## [Work to be completed]
Your answer should be the lines below from the one with "using \<open>0 < C\<close> x by simp" to the one with "using E mult_left_mono[of", both included, given again exactly and with nothing added.
──────── Material provided
lemma stab_fun2_le:
  assumes V: "valid_pair G X1 f1 \<epsilon>1 \<delta> E" and "0 < \<epsilon>1" "0 < x" "real L21 * \<epsilon>1 \<le> 1 / (2 * x)"
  shows "stab_fun G X2 f2 x \<le> real (L12 * word_norm E + K) / min \<delta> (1 / (2 * x))"
proof -
  have "valid_pair G X2 f2 (1 / x) (min \<delta> (1 / (2 * x))) (relators2 E)"
    using valid_pair_relators2[OF V, of "1 / x"] assms(2-4) by (simp add: mult.commute)
  then have "stab_fun G X2 f2 x \<le> real (word_norm (relators2 E)) / min \<delta> (1 / (2 * x))"
    by (rule stab_fun_le)
  also have "\<dots> \<le> real (L12 * word_norm E + K) / min \<delta> (1 / (2 * x))"
  proof (rule divide_right_mono[OF of_nat_mono])
    show "word_norm (relators2 E) \<le> L12 * word_norm E + K"
      using word_norm_relators2 valid_pair_free_elems[OF V] V by (simp add: valid_pair_def)
    show "0 \<le> min \<delta> (1 / (2 * x))" using V assms(3) by (simp add: valid_pair_def)
  qed
  finally show ?thesis .
qed

lemma stab_fun2_linear:
  assumes "is_iso G X1 f1"
  shows "\<exists>C \<ge> 1. \<forall>x \<ge> 1. stab_fun G X2 f2 x \<le> C * x"
proof (intro exI[of _ "2 * real K + 1"] conjI allI impI)
  fix x :: real assume x: "1 \<le> x"
  obtain \<epsilon>1 where \<epsilon>1: "0 < \<epsilon>1" "real L21 * \<epsilon>1 \<le> 1 / (2 * x)"
    using small_eps1_exists[of "1 / x"] x by auto
  have V: "valid_pair G X1 f1 \<epsilon>1 1 {}" by (rule valid_pair_of_is_iso[OF group assms \<epsilon>1(1)])
  have "stab_fun G X2 f2 x \<le> real K / min 1 (1 / (2 * x))"
    using stab_fun2_le[OF V \<epsilon>1(1) _ \<epsilon>1(2)] x by (simp add: word_norm_def)
  also have "\<dots> = 2 * real K * x" using x by (simp add: min_def field_simps)
  also have "\<dots> \<le> (2 * real K + 1) * x" using x by (simp add: algebra_simps)
  finally show "stab_fun G X2 f2 x \<le> (2 * real K + 1) * x" .
qed simp

lemma stab_fun2_le_norm:
  assumes w0: "w0 \<in> ker_free G X1 f1" "w0 \<noteq> []" and x: "1 \<le> x"
    and C: "4 * (real (length w0) + 1) \<le> C" "2 * real L21 \<le> C" "real L12 + real K \<le> C"
    and V: "valid_pair G X1 f1 (1 / (C * x)) \<delta> E"
  shows "stab_fun G X2 f2 x \<le> C * real (word_norm E) / \<delta>"
proof -
  have "0 < C" using C(1) by (smt (verit) of_nat_0_le_iff)
  then have small: "a * (1 / (C * x)) \<le> 1 / (2 * x)" if "2 * a \<le> C" for a
    using that x by (simp add: field_simps)
  have le: "2 * (real (length w0) + 1) * (1 / (C * x)) \<le> 1 / (2 * x)"
    "real L21 * (1 / (C * x)) \<le> 1 / (2 * x)"
    using small C(1,2) by simp_all
  have "\<delta> < 2 * (real (length w0) + 1) * (1 / (C * x)) \<and> 1 \<le> word_norm E"
  proof (rule valid_pair_lower_bound[OF group is_epi_closed[OF epi1] w0 V])
    show "0 < 1 / (C * x)" using \<open>0 < C\<close> x by simp
    have "1 / (2 * x) \<le> 1" using x by simp
    then show "2 * (real (length w0) + 1) * (1 / (C * x)) \<le> 1" using le(1) by linarith
  qed
  then have "\<delta> < 1 / (2 * x)" and E: "1 \<le> word_norm E" using le(1) by auto
  then have "stab_fun G X2 f2 x \<le> real (L12 * word_norm E + K) / \<delta>"
    using stab_fun2_le[OF V _ _ le(2)] \<open>0 < C\<close> x by simp
  also have "\<dots> \<le> C * real (word_norm E) / \<delta>"
  proof (rule divide_right_mono)
    have "real K \<le> real K * real (word_norm E)"
      using E mult_left_mono[of 1 "real (word_norm E)" "real K"] by simp
    then have "real (L12 * word_norm E + K) \<le> (real L12 + real K) * real (word_norm E)"
      by (simp add: algebra_simps)
    also have "\<dots> \<le> C * real (word_norm E)" using C(3) by (simp add: mult_right_mono)
    finally show "real (L12 * word_norm E + K) \<le> C * real (word_norm E)" .
  qed (use V in \<open>simp add: valid_pair_def\<close>)
  finally show ?thesis .
qed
────────────────
## [Solved problem]
    show "0 < 1 / (C * x)" using \<open>0 < C\<close> x by simp
    have "1 / (2 * x) \<le> 1" using x by simp
    then show "2 * (real (length w0) + 1) * (1 / (C * x)) \<le> 1" using le(1) by linarith
  qed
  then have "\<delta> < 1 / (2 * x)" and E: "1 \<le> word_norm E" using le(1) by auto
  then have "stab_fun G X2 f2 x \<le> real (L12 * word_norm E + K) / \<delta>"
    using stab_fun2_le[OF V _ _ le(2)] \<open>0 < C\<close> x by simp
  also have "\<dots> \<le> C * real (word_norm E) / \<delta>"
  proof (rule divide_right_mono)
    have "real K \<le> real K * real (word_norm E)"
      using E mult_left_mono[of 1 "real (word_norm E)" "real K"] by simp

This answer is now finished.